Your assignment
Only the lines holding the string "thesis" are needed; copy each of them from the data.

==============================

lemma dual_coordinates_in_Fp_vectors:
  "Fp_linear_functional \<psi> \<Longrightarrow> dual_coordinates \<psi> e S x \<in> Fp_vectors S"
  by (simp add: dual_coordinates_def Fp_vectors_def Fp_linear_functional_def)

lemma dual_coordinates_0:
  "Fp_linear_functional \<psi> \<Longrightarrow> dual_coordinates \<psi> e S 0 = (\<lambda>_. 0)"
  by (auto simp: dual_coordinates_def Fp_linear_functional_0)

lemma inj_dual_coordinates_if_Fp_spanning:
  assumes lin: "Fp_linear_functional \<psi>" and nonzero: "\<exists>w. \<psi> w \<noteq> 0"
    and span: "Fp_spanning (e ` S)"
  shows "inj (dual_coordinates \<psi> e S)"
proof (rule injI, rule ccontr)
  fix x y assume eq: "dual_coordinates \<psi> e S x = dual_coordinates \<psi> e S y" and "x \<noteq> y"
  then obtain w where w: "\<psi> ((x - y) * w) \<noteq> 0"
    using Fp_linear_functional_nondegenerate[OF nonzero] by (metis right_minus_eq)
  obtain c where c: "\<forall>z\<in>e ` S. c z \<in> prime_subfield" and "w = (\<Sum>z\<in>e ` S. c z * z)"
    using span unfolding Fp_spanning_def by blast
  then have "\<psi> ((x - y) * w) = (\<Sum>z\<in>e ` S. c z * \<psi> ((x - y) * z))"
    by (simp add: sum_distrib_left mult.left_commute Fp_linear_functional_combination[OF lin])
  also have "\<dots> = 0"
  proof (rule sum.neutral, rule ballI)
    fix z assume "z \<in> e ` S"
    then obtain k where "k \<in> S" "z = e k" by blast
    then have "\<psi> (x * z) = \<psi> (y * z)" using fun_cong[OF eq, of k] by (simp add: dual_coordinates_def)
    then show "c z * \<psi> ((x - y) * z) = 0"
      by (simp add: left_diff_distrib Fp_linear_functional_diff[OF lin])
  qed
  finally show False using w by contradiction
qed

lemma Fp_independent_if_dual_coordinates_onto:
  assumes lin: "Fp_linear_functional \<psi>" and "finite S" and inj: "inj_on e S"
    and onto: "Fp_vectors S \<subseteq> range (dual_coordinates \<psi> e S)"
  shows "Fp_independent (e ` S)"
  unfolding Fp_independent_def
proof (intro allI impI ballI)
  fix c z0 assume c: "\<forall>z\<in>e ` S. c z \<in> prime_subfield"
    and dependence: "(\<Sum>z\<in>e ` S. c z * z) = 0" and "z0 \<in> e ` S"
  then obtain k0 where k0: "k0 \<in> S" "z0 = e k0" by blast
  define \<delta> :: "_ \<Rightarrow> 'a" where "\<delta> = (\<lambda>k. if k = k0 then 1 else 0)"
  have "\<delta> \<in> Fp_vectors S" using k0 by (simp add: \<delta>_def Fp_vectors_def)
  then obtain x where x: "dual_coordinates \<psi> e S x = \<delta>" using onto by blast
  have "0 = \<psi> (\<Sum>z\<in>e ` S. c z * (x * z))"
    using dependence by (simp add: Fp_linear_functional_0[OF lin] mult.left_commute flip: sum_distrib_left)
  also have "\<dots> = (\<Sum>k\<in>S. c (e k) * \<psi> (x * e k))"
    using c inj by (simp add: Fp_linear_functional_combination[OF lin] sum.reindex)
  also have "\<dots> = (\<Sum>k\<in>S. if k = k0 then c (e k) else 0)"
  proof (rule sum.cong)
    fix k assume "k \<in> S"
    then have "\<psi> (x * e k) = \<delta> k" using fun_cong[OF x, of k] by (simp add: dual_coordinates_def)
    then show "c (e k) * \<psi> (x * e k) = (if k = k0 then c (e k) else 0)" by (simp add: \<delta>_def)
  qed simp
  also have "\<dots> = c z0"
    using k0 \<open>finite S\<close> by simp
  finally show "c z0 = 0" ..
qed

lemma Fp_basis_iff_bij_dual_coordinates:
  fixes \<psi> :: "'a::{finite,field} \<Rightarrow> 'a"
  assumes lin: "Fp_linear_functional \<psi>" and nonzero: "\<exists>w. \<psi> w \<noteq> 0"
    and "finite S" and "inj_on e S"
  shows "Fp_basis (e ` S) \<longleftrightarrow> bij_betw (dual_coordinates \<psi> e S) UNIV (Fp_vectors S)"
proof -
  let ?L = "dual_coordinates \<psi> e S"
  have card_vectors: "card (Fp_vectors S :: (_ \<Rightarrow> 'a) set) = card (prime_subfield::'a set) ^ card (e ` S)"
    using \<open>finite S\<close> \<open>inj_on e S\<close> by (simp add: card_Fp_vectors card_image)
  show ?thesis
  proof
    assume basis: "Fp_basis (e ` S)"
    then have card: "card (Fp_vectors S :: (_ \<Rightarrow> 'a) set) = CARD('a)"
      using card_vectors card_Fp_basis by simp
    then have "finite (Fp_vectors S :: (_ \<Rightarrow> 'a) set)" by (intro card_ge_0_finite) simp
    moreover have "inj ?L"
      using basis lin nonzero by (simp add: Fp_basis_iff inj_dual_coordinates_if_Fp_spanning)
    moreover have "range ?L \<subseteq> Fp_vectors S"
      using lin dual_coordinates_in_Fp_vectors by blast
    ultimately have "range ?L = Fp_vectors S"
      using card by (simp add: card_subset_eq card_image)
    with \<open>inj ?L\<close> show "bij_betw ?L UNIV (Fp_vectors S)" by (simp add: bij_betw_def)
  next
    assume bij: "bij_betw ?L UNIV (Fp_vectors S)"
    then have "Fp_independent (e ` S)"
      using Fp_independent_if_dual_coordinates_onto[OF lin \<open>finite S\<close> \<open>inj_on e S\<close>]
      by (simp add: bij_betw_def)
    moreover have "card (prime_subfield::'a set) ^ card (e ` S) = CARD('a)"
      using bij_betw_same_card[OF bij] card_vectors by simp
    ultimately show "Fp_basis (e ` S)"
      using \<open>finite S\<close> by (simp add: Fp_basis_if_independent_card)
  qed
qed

==============================

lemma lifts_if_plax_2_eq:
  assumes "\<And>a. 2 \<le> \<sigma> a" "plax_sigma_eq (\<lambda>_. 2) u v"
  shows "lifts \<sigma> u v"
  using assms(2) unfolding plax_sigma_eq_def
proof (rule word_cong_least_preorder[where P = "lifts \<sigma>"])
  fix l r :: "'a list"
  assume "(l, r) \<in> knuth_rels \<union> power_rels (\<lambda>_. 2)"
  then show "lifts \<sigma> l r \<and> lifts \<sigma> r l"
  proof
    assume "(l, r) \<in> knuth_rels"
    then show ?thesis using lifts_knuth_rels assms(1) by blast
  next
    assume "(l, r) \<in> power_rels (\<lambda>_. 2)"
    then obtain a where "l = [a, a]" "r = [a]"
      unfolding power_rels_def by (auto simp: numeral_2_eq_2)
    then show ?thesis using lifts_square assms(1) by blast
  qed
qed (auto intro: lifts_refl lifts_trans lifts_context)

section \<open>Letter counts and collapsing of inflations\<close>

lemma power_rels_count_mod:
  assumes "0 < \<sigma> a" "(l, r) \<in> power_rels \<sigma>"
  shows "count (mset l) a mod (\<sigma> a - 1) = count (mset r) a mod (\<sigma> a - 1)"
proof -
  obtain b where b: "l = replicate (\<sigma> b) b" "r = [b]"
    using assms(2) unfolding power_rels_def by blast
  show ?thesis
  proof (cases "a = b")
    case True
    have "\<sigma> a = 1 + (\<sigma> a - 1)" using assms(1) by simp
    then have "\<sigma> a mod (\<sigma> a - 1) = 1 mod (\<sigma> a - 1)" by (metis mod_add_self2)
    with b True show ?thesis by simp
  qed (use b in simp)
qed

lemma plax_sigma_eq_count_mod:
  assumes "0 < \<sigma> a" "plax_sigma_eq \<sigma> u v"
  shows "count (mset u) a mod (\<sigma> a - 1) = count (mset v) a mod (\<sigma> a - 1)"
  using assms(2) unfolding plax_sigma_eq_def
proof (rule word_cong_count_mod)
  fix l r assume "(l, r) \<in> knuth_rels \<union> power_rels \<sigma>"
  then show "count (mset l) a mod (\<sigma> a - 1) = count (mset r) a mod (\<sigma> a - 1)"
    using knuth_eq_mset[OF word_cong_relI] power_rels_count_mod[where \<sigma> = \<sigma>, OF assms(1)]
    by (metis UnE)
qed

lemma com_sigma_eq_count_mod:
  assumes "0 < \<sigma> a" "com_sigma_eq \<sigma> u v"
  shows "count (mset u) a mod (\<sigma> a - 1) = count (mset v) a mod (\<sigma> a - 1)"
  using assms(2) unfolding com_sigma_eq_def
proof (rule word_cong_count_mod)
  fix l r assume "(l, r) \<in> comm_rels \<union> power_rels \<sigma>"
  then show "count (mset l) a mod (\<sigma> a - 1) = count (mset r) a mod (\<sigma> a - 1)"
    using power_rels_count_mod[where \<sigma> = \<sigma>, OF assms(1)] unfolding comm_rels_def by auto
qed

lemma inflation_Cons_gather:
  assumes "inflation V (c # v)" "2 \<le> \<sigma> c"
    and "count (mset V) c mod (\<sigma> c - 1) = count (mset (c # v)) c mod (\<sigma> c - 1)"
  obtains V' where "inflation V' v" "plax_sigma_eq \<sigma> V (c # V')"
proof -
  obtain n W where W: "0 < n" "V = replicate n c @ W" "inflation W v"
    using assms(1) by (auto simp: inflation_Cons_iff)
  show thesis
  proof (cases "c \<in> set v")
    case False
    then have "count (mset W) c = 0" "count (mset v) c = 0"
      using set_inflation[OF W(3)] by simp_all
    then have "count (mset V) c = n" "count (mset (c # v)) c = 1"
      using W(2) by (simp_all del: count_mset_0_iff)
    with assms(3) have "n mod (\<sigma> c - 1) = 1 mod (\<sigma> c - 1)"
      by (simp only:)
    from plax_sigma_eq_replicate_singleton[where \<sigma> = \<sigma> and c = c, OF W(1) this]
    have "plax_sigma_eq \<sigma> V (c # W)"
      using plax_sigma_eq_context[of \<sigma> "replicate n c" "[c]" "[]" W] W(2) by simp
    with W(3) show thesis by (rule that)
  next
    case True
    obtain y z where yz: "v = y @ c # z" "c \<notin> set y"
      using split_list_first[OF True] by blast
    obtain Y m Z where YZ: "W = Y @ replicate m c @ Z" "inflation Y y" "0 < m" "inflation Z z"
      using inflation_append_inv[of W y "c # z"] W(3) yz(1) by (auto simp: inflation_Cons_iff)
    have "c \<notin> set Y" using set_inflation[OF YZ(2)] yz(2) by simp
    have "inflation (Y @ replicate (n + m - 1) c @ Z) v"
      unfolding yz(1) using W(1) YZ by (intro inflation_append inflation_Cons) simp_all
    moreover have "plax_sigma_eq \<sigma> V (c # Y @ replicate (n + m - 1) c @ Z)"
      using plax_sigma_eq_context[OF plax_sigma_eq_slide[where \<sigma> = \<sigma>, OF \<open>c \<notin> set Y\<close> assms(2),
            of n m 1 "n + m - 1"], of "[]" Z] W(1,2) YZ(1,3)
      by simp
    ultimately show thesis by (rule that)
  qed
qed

==============================

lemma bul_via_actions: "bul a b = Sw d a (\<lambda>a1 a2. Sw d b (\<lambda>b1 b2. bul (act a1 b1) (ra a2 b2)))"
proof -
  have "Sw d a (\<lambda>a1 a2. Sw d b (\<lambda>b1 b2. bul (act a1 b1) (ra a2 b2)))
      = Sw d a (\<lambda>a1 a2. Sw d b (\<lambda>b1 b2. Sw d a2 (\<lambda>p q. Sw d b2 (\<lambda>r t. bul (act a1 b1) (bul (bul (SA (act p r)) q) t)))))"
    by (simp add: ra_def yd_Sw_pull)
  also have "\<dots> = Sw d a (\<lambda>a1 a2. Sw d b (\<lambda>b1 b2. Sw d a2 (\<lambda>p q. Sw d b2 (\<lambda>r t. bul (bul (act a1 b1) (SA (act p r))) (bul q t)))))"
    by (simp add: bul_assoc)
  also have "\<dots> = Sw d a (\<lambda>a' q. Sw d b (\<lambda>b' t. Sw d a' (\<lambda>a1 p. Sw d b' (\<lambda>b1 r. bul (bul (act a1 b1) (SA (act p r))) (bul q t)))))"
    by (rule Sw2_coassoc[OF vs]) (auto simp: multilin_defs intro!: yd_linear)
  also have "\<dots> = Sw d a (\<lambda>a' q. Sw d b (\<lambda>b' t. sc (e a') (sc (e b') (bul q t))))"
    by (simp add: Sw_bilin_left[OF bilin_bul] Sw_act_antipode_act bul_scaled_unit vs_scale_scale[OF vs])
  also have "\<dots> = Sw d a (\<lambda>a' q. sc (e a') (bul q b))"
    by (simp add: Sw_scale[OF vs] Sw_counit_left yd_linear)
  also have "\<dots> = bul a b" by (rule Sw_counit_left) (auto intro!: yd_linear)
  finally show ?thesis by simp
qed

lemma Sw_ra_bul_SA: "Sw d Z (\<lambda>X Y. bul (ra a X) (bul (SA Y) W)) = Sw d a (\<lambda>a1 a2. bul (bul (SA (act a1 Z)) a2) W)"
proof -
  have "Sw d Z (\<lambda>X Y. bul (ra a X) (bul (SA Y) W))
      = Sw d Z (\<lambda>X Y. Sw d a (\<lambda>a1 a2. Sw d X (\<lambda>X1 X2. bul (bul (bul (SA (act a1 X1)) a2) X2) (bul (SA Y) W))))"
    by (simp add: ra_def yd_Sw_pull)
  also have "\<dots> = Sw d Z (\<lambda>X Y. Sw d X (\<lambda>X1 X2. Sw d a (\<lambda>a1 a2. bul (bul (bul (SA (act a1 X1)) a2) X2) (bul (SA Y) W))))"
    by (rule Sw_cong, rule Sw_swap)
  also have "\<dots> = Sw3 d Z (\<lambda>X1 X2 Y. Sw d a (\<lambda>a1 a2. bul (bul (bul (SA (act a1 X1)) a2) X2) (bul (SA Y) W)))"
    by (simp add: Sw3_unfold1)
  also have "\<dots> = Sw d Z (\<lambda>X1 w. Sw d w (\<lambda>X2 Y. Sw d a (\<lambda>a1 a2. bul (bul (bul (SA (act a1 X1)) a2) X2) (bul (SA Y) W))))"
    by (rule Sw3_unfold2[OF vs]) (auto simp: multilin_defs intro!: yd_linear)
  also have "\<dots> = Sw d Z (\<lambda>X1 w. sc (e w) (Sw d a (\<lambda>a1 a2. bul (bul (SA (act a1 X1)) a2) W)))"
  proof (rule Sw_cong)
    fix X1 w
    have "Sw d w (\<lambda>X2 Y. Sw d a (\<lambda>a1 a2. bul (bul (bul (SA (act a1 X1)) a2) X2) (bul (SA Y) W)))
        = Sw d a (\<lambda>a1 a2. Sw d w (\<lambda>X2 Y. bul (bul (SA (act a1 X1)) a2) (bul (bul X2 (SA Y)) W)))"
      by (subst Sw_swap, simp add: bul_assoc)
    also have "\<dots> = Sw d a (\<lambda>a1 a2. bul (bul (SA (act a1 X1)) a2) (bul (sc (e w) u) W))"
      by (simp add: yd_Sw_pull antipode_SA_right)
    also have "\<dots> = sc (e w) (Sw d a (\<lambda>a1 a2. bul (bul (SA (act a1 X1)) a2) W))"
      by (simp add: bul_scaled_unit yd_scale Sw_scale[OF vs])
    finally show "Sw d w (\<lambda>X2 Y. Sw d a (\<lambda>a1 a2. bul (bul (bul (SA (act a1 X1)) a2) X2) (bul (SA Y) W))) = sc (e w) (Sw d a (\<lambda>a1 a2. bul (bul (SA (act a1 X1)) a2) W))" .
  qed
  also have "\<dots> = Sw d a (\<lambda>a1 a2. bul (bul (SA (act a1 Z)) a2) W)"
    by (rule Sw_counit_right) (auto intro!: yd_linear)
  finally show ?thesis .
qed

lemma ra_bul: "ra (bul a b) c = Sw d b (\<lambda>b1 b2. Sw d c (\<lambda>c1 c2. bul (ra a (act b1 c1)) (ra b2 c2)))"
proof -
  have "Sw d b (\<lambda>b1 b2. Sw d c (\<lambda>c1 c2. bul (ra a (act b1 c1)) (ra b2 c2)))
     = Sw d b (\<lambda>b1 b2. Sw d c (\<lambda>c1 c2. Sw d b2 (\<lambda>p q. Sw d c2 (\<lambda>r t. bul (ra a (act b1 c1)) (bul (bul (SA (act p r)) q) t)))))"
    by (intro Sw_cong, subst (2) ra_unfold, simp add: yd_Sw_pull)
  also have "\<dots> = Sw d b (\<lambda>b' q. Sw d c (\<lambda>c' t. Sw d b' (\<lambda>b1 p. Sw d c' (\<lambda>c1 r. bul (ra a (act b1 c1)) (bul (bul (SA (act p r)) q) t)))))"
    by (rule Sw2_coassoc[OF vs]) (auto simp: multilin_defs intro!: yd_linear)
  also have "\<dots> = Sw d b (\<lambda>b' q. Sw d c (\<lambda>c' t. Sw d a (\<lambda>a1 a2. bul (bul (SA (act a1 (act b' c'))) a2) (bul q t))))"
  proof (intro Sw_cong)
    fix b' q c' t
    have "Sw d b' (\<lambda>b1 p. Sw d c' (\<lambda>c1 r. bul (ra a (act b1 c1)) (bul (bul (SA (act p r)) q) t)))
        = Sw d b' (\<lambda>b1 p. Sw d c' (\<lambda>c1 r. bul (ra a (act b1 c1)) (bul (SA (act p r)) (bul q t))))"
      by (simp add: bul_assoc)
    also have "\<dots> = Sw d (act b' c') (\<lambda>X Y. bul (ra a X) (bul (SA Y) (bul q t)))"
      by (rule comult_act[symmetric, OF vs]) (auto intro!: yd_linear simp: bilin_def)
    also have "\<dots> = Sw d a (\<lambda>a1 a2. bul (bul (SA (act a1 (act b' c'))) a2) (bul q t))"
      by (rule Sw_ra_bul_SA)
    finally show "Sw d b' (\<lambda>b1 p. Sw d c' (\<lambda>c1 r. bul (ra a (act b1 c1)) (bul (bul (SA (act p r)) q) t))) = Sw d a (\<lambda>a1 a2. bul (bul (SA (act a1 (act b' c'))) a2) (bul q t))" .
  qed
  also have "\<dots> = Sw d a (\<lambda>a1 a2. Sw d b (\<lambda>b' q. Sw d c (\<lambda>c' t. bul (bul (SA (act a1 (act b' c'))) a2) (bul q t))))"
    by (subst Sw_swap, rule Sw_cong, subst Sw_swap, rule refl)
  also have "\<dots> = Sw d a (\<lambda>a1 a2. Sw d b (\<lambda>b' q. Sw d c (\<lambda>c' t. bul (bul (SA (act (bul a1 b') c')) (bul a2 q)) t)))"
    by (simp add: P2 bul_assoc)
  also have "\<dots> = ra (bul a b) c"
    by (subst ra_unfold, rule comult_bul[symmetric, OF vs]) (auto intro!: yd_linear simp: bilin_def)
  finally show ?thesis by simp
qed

==============================

Reply to the task
  show ?thesis
    then show ?thesis using lifts_knuth_rels assms(1) by blast
    then show ?thesis using lifts_square assms(1) by blast
  show ?thesis
    with b True show ?thesis by simp
  show thesis
    with W(3) show thesis by (rule that)
    ultimately show thesis by (rule that)
  finally show ?thesis by simp
  finally show ?thesis .
  finally show ?thesis by simp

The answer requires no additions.